Ref. 1 https://gssc.esa.int/navipedia/index.php/Transformations_between_ECEF_and_ENU_coordinates

Ref 2 https://www.nsstc.uah.edu/users/phillip.bitzer/python_doc/pyltg/_modules/pyltg/utilities/latlon.html

Ref 3 https://gist.github.com/sbarratt/a72bede917b482826192bf34f9ff5d0b

Pymap3d module, https://scivision.github.io/pymap3d/ provides coordinate transforms and geodesy functions including ENU <--> (long, lat, alt).

Here are some examples.

import pymap3d
# create an ellipsoid object
ell_clrk66 = pymap3d.Ellipsoid('clrk66')
# print ellipsoid's properties
ell_clrk66.a, ell_clrk66.b, ell_clrk66.f

# output
(6378206.4, 6356583.8, 0.0033900753039287634)

Suppose we have an ENU coordinate system defined with its origin at (lat0, lon0, h0 = 5.0, 48.0, 10.0).
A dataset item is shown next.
(* Let $\mathfrak g$ be a unimodular almost abelian Lie algebra with a Hermitian structure $(J,g)$, and let $e$ be an admissible frame with data $\lambda,v,A$ (so $\lambda+\operatorname{tr}A+\overline{\operatorname{tr}A}=0$). Then: (1) $s=-\lambda^2\le0$, and $s=0\iff Ric^{(1)}=0\iff\lambda=0$; (2) $\hat s=-2\lambda^2-|v|^2\le0$, and $\hat s=0\iff Ric^{(3)}=0\iff\lambda=0,\ v=0$; (3) $Ric^{(2)}=0\iff R=0\iff \lambda=0,\ v=0,\ [A,A^\ast]=0$.
   Context: Setup: Hermitian structure $(J,g)$ on a real Lie algebra $\mathfrak g$ of dimension $2n$ ($J$ integrable, $g$ a $J$-invariant inner product), viewed as left-invariant on the Lie group. $\mathfrak g^{1,0}=\{x-\sqrt{-1}Jx\}$, unitary frame $e_1,\dots,e_n$ of $\mathfrak g^{1,0}$ ($g(e_i,\bar e_j)=\delta_{ij}$, $g$ extended bilinearly), dual coframe $\varphi_i$, $d$ the Chevalley–Eilenberg differential. $\mathfrak g$ is unimodular if $\operatorname{tr}\mathrm{ad}_x=0$ for all $x$; almost abelian if non-abelian with an abelian ideal of codimension one. An admissible frame is a unitary frame with $d\varphi_1=-\lambda\,\varphi_1\wedge\bar\varphi_1$, $d\varphi_i=-\bar v_i\,\varphi_1\wedge\bar\varphi_1+\sum_{j=2}^n\overline{A_{ij}}(\varphi_1+\bar\varphi_1)\wedge\varphi_j$, $\lambda\in\mathbb R$, $v\in\mathbb C^{n-1}$, $A\in M_{n-1}(\mathbb C)$. $R$ denotes the curvature of the Chern connection (the unique connection preserving $J,g$ with torsion of vanishing $(1,1)$-part), $R_{i\bar jk\bar\ell}=g(R(e_i,\bar e_j)e_k,\bar e_\ell)$. Chern Ricci curvatures: $Ric^{(1)}_{i\bar j}=\sum_rR_{i\bar jr\bar r}$, $Ric^{(2)}_{i\bar j}=\sum_rR_{r\bar ri\bar j}$, $Ric^{(3)}_{i\bar j}=\sum_rR_{r\bar ji\bar r}$; Chern scalar curvature $s=\sum_iRic^{(1)}_{i\bar i}$; altered scalar curvature $\hat s=\sum_iRic^{(3)}_{i\bar i}$. *)

theory Defs
  imports Complex_Main
begin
And let a point (point_1) with coordinate ENU: (0,0,0) be a test point, this point_1 will be used to do transformation, both direct and inverse.
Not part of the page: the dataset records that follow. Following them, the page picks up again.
lemma not_rank_le_iff:
  assumes "wqo_on B" and "s \<in> Inco B" and "t \<in> Inco B"
  shows "\<not> rank_le B t s \<longleftrightarrow> (\<exists>t'. inco_child B t' t \<and> rank_le B s t')"
proof
  show "\<not> rank_le B t s \<Longrightarrow> \<exists>t'. inco_child B t' t \<and> rank_le B s t'"
    using assms(2,3)
  proof (induction s arbitrary: t rule: inco_child_induct[OF assms(1), case_names step])
    case (step s)
    then obtain t' where t': "inco_child B t' t" "\<And>s'. inco_child B s' s \<Longrightarrow> \<not> rank_le B t' s'"
      using rank_le.intros[OF step.prems(3,2)] by blast
    have "rank_le B s t'"
    proof (rule rank_le.intros[OF step.prems(2)])
      show "t' \<in> Inco B"
        using t'(1) unfolding inco_child_def by blast
      fix s' assume "inco_child B s' s"
      then show "\<exists>t''. inco_child B t'' t' \<and> rank_le B s' t''"
        using step.IH t' unfolding inco_child_def by blast
    qed
    with t'(1) show ?case by blast
  qed
next
  assume "\<exists>t'. inco_child B t' t \<and> rank_le B s t'"
  then show "\<not> rank_le B t s"
    using not_rank_le_child[OF assms(1)] rank_le_trans by blast
qed

lemma rank_le_subset:
  assumes "wqo_on B" and "s \<in> Inco B" and "t \<in> Inco B" and "set t \<subseteq> set s"
  shows "rank_le B s t"
  using assms(2-)
proof (induction s arbitrary: t rule: inco_child_induct[OF assms(1), case_names step])
  case (step s)
  show ?case
  proof (rule rank_le.intros[OF step.prems(1,2)])
    fix s' assume "inco_child B s' s"
    then obtain y where y: "s' = s @ [y]" "y \<in> B" "\<forall>z\<in>set s. incomp z y"
      by (auto simp: inco_child_iff)
    then have "inco_child B (t @ [y]) t"
      using step.prems(2,3) by (auto simp: inco_child_iff)
    moreover have "rank_le B s' (t @ [y])"
      using step.IH[OF \<open>inco_child B s' s\<close>] \<open>inco_child B s' s\<close> calculation step.prems(3) y(1)
      unfolding inco_child_def by force
    ultimately show "\<exists>t'. inco_child B t' t \<and> rank_le B s' t'" by blast
  qed
qed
lat0, lon0, h0 = 5.0, 48.0, 10.0   # origin of ENU, (h is height above ellipsoid)
e1, n1, u1     =  0.0,  0.0,  0.0  # ENU coordinates of test point, `point_1`
# From ENU to geodetic computation
lat1, lon1, h1 = pymap3d.enu2geodetic(e1, n1, u1, \
                                      lat0, lon0, h0, \
                                      ell=ell_clrk66, deg=True)  # use clark66 ellisoid
print(lat1, lon1, h1)
# display: (5.000000000000001, 48.0, 10.000000000097717)

Now, using the obtained (lat1, lon1, h1), we compute geodetic to ENU conversion.

e2, n2, u2 = pymap3d.geodetic2enu(lat1, lon1, h1, \
                           lat0, lon0, h0, \
                           ell=ell_clrk66, deg=True)
print(e2, n2, u2)

The output should agree with (e1, n1, u1). Small discrepancies is normal for this kind of computation.

In the above computation, the option ell has WGS84 ellipsoid as the default value.